"""

(* Let $S$ be a countable set and $(Y_k,Z_k)_{k\ge0}$ a process with values in $S\times\mathbb R_+$ satisfying the following property (M1): for all $k\ge1$, $y\in S$ and measurable $A\subseteq\mathbb R_+$, $$\mathbb P\bigl(Y_k=y,Z_k\in A\mid Y_{k-1},Z_{k-1},\dots,Y_0,Z_0\bigr)=\mathbb P\bigl(Y_1'=y,Z_1'\in A\mid Y_0'=Y_{k-1}\bigr),$$ where $(Y'_k,Z'_k)$ is an independent copy of the process (so the one-step transition from time $k-1$ depends on the past only through $Y_{k-1}$). Write $\mathbb E_u[\cdot]=\mathbb E[\cdot\mid Y_0=u]$. Suppose there exist $\alpha\in(0,1]$ and $\theta>0$ with $\mathbb E[e^{\theta Z_0^\alpha}]<\infty$ and $M:=\sup_{u\in S}\mathbb E_u[e^{\theta Z_1^\alpha}]<\infty$. Then for all $k\ge0$, $$\mathbb E\Bigl[e^{\theta\left(\sum_{i=0}^kZ_i\right)^\alpha}\Bigr]\le M^k\,\mathbb E\bigl[e^{\theta Z_0^\alpha}\bigr].$$ Consequently there exist $C,C'>0$ depending only on $\theta$, $\mathbb E[e^{\theta Z_0^\alpha}]$ and $M$ such that for all $k\ge0$, $$\mathbb P\Bigl(\sum_{i=0}^kZ_i>Ck^{1/\alpha}\Bigr)\le e^{-C'k}.$$ *)

theory Defs
  imports "HOL-Probability.Probability"
begin

definition past_alg :: "'a measure \<Rightarrow> (nat \<Rightarrow> 'a \<Rightarrow> 's) \<Rightarrow> (nat \<Rightarrow> 'a \<Rightarrow> real) \<Rightarrow> nat \<Rightarrow> 'a measure" where
  "past_alg P Y Z k =
     vimage_algebra (space P) (\<lambda>\<omega>. \<lambda>i\<in>{..<k}. (Y i \<omega>, Z i \<omega>))
       (PiM {..<k} (\<lambda>_. count_space UNIV \<Otimes>\<^sub>M (borel :: real measure)))"

text \<open>Standing setting: (Y_k,Z_k) with values in S x R_+ (S = the countable type 's),
  satisfying (M1) with one-step transition law K u = law of (Y_1,Z_1) for the process started at u.\<close>
definition M1_setting ::
  "'a measure \<Rightarrow> (nat \<Rightarrow> 'a \<Rightarrow> 's::countable) \<Rightarrow> (nat \<Rightarrow> 'a \<Rightarrow> real) \<Rightarrow> ('s \<Rightarrow> ('s \<times> real) measure) \<Rightarrow> bool" where
  "M1_setting P Y Z K \<longleftrightarrow>
     prob_space P \<and>
     (\<forall>k. Y k \<in> measurable P (count_space UNIV)) \<and>
     (\<forall>k. Z k \<in> borel_measurable P) \<and>
     (\<forall>k. \<forall>\<omega>\<in>space P. 0 \<le> Z k \<omega>) \<and>
     (\<forall>u. prob_space (K u) \<and> sets (K u) = sets (count_space UNIV \<Otimes>\<^sub>M (borel :: real measure))) \<and>
     (\<forall>k\<ge>1. \<forall>y. \<forall>A\<in>sets (borel :: real measure).
        AE \<omega> in P. real_cond_exp P (past_alg P Y Z k)
                       (indicator {\<omega>\<in>space P. Y k \<omega> = y \<and> Z k \<omega> \<in> A}) \<omega>
                   = measure (K (Y (k - 1) \<omega>)) ({y} \<times> A))"

definition E0 :: "'a measure \<Rightarrow> (nat \<Rightarrow> 'a \<Rightarrow> real) \<Rightarrow> real \<Rightarrow> real \<Rightarrow> ennreal" where
  "E0 P Z \<theta> \<alpha> = (\<integral>\<^sup>+ \<omega>. ennreal (exp (\<theta> * Z 0 \<omega> powr \<alpha>)) \<partial>P)"

definition Msup :: "('s \<Rightarrow> ('s \<times> real) measure) \<Rightarrow> real \<Rightarrow> real \<Rightarrow> ennreal" where
  "Msup K \<theta> \<alpha> = (SUP u. \<integral>\<^sup>+ x. ennreal (exp (\<theta> * snd x powr \<alpha>)) \<partial>K u)"

end

theory Submission
  imports Defs
begin

text \<open>Write \<open>S\<^sub>k = Z\<^sub>0 + \<dots> + Z\<^sub>k\<close>. Since \<open>t \<mapsto> t powr \<alpha>\<close> is subadditive for \<open>0 < \<alpha> \<le> 1\<close>,
  \<open>exp (\<theta> S\<^sub>k\<^sub>+\<^sub>1 powr \<alpha>) \<le> exp (\<theta> S\<^sub>k powr \<alpha>) exp (\<theta> Z\<^sub>k\<^sub>+\<^sub>1 powr \<alpha>)\<close>. The first factor is
  measurable with respect to the past of time \<open>k + 1\<close>, so by (M1) the second factor may be
  replaced by its integral against the kernel \<open>K (Y\<^sub>k)\<close>, which is at most \<open>Msup\<close>; induction on
  \<open>k\<close> gives the moment bound. The tail bound is Chernoff's inequality, with \<open>C\<close> chosen so that
  \<open>\<theta> C powr \<alpha> = ln Msup + ln E0 + 1\<close> (both logarithms truncated at \<open>0\<close>).\<close>

lemma powr_add_le_add_powr:
  fixes a b \<alpha> :: real
  assumes "0 \<le> a" "0 \<le> b" "0 < \<alpha>" "\<alpha> \<le> 1"
  shows "(a + b) powr \<alpha> \<le> a powr \<alpha> + b powr \<alpha>"
proof (cases "a + b = 0")
  case True
  then show ?thesis using assms by simp
next
  case False
  then have s: "0 < a + b" using assms by simp
  have le_powr: "x \<le> x powr \<alpha>" if "0 \<le> x" "x \<le> 1" for x :: real
    using that assms powr_mono'[of \<alpha> 1 x] by (cases "x = 0") auto
  have "1 = a / (a + b) + b / (a + b)"
    using s by (simp add: add_divide_distrib[symmetric])
  also have "\<dots> \<le> (a / (a + b)) powr \<alpha> + (b / (a + b)) powr \<alpha>"
    using assms s by (intro add_mono le_powr) auto
  also have "\<dots> = (a powr \<alpha> + b powr \<alpha>) / (a + b) powr \<alpha>"
    using assms s by (simp add: powr_divide add_divide_distrib)
  finally show ?thesis using s by (simp add: field_simps)
qed

lemma measure_eqI_singleton_times:
  fixes M N :: "('s::countable \<times> 'b) measure"
  assumes sets_M: "sets M = sets (count_space UNIV \<Otimes>\<^sub>M B)"
    and sets_N: "sets N = sets (count_space UNIV \<Otimes>\<^sub>M B)"
    and finite: "emeasure M (UNIV \<times> space B) \<noteq> \<infinity>"
    and eq: "\<And>y b. b \<in> sets B \<Longrightarrow> emeasure M ({y} \<times> b) = emeasure N ({y} \<times> b)"
  shows "M = N"
proof (rule measure_eqI_generator_eq[OF Int_stable_pair_measure_generator[of "count_space UNIV" B]])
  let ?E = "{a \<times> b |a b. a \<in> sets (count_space (UNIV :: 's set)) \<and> b \<in> sets B}"
  show "?E \<subseteq> Pow (UNIV \<times> space B)"
    using sets.space_closed[of B] by auto
  show "sets M = sigma_sets (UNIV \<times> space B) ?E" "sets N = sigma_sets (UNIV \<times> space B) ?E"
    unfolding sets_M sets_N sets_pair_measure by simp_all
  show "range (\<lambda>_. UNIV \<times> space B) \<subseteq> ?E" "(\<Union>i::nat. UNIV \<times> space B) = UNIV \<times> space B"
    by auto
  show "emeasure M (UNIV \<times> space B) \<noteq> \<infinity>" for i :: nat
    by (fact finite)
  fix X assume "X \<in> ?E"
  then obtain a b where X: "X = (\<Union>y\<in>a. {y} \<times> b)" and b: "b \<in> sets B" by blast
  have sets_singleton_times: "{y} \<times> b \<in> sets M" "{y} \<times> b \<in> sets N" for y
    using b by (simp_all add: sets_M sets_N)
  have disj: "disjoint_family_on (\<lambda>y. {y} \<times> b) a"
    by (auto simp: disjoint_family_on_def)
  show "emeasure M X = emeasure N X"
    unfolding X using b sets_singleton_times disj
    by (simp add: emeasure_UN_countable eq)
qed

lemma (in sigma_finite_subalgebra) nn_integral_mult_indicator_cond_exp:
  assumes A: "A \<in> sets M"
    and G: "G \<in> borel_measurable M" "\<And>\<omega>. \<omega> \<in> space M \<Longrightarrow> 0 \<le> G \<omega> \<and> G \<omega> \<le> 1"
    and cond: "AE \<omega> in M. real_cond_exp M F (indicator A) \<omega> = G \<omega>"
    and f_F: "f \<in> borel_measurable F" and f_int: "integrable M f"
    and f_nonneg: "\<And>\<omega>. \<omega> \<in> space M \<Longrightarrow> 0 \<le> f \<omega>"
  shows "(\<integral>\<^sup>+\<omega>. ennreal (f \<omega> * indicator A \<omega>) \<partial>M) = (\<integral>\<^sup>+\<omega>. ennreal (f \<omega> * G \<omega>) \<partial>M)"
proof -
  have int_A: "integrable M (\<lambda>\<omega>. f \<omega> * indicator A \<omega>)"
    by (rule integrable_real_mult_indicator[OF A f_int])
  have int_G: "integrable M (\<lambda>\<omega>. f \<omega> * G \<omega>)"
    using G f_nonneg measurable_from_subalg[OF subalg f_F]
    by (intro Bochner_Integration.integrable_bound[OF f_int]) (auto intro!: AE_I2 mult_left_le)
  have "(\<integral>\<^sup>+\<omega>. f \<omega> * indicator A \<omega> \<partial>M) = (\<integral>\<omega>. f \<omega> * indicator A \<omega> \<partial>M)"
    by (rule nn_integral_eq_integral[OF int_A]) (auto simp: f_nonneg)
  also have "(\<integral>\<omega>. f \<omega> * indicator A \<omega> \<partial>M) = (\<integral>\<omega>. f \<omega> * real_cond_exp M F (indicator A) \<omega> \<partial>M)"
    using A by (intro real_cond_exp_intg(2)[OF int_A f_F, symmetric]) simp
  also have "\<dots> = (\<integral>\<omega>. f \<omega> * G \<omega> \<partial>M)"
    using cond G(1) measurable_from_subalg[OF subalg f_F] by (intro integral_cong_AE) auto
  also have "ennreal \<dots> = (\<integral>\<^sup>+\<omega>. f \<omega> * G \<omega> \<partial>M)"
    by (rule nn_integral_eq_integral[OF int_G, symmetric]) (auto simp: G f_nonneg)
  finally show ?thesis .
qed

"""

• **YOUR ASSIGNMENT**: Repeat, exactly as they stand above, the lines from the line with "lemma (in sigma_finite_subalgebra)" to the line with "(\<lambda>\<omega>. f \<omega> * indicator", both lines included.

• **EXERCISE ANSWER**:
lemma (in sigma_finite_subalgebra) nn_integral_mult_indicator_cond_exp:
  assumes A: "A \<in> sets M"
    and G: "G \<in> borel_measurable M" "\<And>\<omega>. \<omega> \<in> space M \<Longrightarrow> 0 \<le> G \<omega> \<and> G \<omega> \<le> 1"
    and cond: "AE \<omega> in M. real_cond_exp M F (indicator A) \<omega> = G \<omega>"
    and f_F: "f \<in> borel_measurable F" and f_int: "integrable M f"
    and f_nonneg: "\<And>\<omega>. \<omega> \<in> space M \<Longrightarrow> 0 \<le> f \<omega>"
  shows "(\<integral>\<^sup>+\<omega>. ennreal (f \<omega> * indicator A \<omega>) \<partial>M) = (\<integral>\<^sup>+\<omega>. ennreal (f \<omega> * G \<omega>) \<partial>M)"
proof -
  have int_A: "integrable M (\<lambda>\<omega>. f \<omega> * indicator A \<omega>)"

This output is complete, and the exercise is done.